START Excerpted records

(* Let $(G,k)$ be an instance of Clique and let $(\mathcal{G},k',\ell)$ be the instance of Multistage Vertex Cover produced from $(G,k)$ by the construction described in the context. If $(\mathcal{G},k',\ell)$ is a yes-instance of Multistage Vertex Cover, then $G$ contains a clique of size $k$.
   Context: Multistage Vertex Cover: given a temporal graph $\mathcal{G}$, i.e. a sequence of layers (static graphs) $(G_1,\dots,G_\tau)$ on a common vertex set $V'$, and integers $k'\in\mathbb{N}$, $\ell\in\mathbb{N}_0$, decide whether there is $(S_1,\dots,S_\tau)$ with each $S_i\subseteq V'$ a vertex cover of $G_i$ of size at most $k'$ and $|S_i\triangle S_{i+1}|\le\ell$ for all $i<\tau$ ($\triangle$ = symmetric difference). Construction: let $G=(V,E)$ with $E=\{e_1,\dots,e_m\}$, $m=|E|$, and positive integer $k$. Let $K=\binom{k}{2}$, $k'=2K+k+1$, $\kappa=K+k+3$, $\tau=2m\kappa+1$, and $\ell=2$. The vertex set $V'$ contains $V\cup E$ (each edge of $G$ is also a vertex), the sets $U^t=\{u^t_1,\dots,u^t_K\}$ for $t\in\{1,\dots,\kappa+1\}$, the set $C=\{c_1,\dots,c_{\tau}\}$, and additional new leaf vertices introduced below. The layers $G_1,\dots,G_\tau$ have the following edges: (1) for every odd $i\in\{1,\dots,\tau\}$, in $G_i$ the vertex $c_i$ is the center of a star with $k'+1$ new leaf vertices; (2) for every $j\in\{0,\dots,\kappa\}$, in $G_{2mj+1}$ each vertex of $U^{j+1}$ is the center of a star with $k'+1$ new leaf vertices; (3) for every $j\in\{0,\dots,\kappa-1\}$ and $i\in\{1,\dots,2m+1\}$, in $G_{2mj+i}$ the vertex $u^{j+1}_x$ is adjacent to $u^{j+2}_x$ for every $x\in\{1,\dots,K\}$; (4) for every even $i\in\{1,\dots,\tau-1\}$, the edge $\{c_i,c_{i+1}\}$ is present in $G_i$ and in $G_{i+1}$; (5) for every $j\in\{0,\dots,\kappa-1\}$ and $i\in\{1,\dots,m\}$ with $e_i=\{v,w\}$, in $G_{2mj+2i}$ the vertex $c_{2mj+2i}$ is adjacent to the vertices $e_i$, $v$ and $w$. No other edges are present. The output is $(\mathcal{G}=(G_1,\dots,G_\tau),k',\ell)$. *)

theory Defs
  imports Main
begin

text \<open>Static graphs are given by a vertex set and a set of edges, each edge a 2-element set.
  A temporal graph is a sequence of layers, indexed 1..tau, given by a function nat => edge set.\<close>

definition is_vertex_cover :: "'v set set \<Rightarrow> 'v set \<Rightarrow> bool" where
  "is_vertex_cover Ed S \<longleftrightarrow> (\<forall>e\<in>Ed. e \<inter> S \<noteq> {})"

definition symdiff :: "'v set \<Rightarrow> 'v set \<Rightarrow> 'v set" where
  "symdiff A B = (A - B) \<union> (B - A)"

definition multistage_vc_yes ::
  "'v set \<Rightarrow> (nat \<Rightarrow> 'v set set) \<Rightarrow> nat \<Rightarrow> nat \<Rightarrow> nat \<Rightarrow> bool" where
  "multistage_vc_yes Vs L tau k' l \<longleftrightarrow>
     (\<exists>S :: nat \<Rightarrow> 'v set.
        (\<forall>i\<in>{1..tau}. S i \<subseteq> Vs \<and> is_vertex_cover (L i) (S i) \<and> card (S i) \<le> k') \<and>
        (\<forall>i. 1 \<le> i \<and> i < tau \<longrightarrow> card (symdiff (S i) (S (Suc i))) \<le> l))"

END Excerpted records

Begin with the line that contains "text \<open>Static graphs" and end with the last line of the material above. Set down that range exactly.

*Exercise solution*:
text \<open>Static graphs are given by a vertex set and a set of edges, each edge a 2-element set.
  A temporal graph is a sequence of layers, indexed 1..tau, given by a function nat => edge set.\<close>

definition is_vertex_cover :: "'v set set \<Rightarrow> 'v set \<Rightarrow> bool" where
  "is_vertex_cover Ed S \<longleftrightarrow> (\<forall>e\<in>Ed. e \<inter> S \<noteq> {})"

definition symdiff :: "'v set \<Rightarrow> 'v set \<Rightarrow> 'v set" where
  "symdiff A B = (A - B) \<union> (B - A)"

definition multistage_vc_yes ::
  "'v set \<Rightarrow> (nat \<Rightarrow> 'v set set) \<Rightarrow> nat \<Rightarrow> nat \<Rightarrow> nat \<Rightarrow> bool" where
  "multistage_vc_yes Vs L tau k' l \<longleftrightarrow>
     (\<exists>S :: nat \<Rightarrow> 'v set.
        (\<forall>i\<in>{1..tau}. S i \<subseteq> Vs \<and> is_vertex_cover (L i) (S i) \<and> card (S i) \<le> k') \<and>
        (\<forall>i. 1 \<le> i \<and> i < tau \<longrightarrow> card (symdiff (S i) (S (Suc i))) \<le> l))"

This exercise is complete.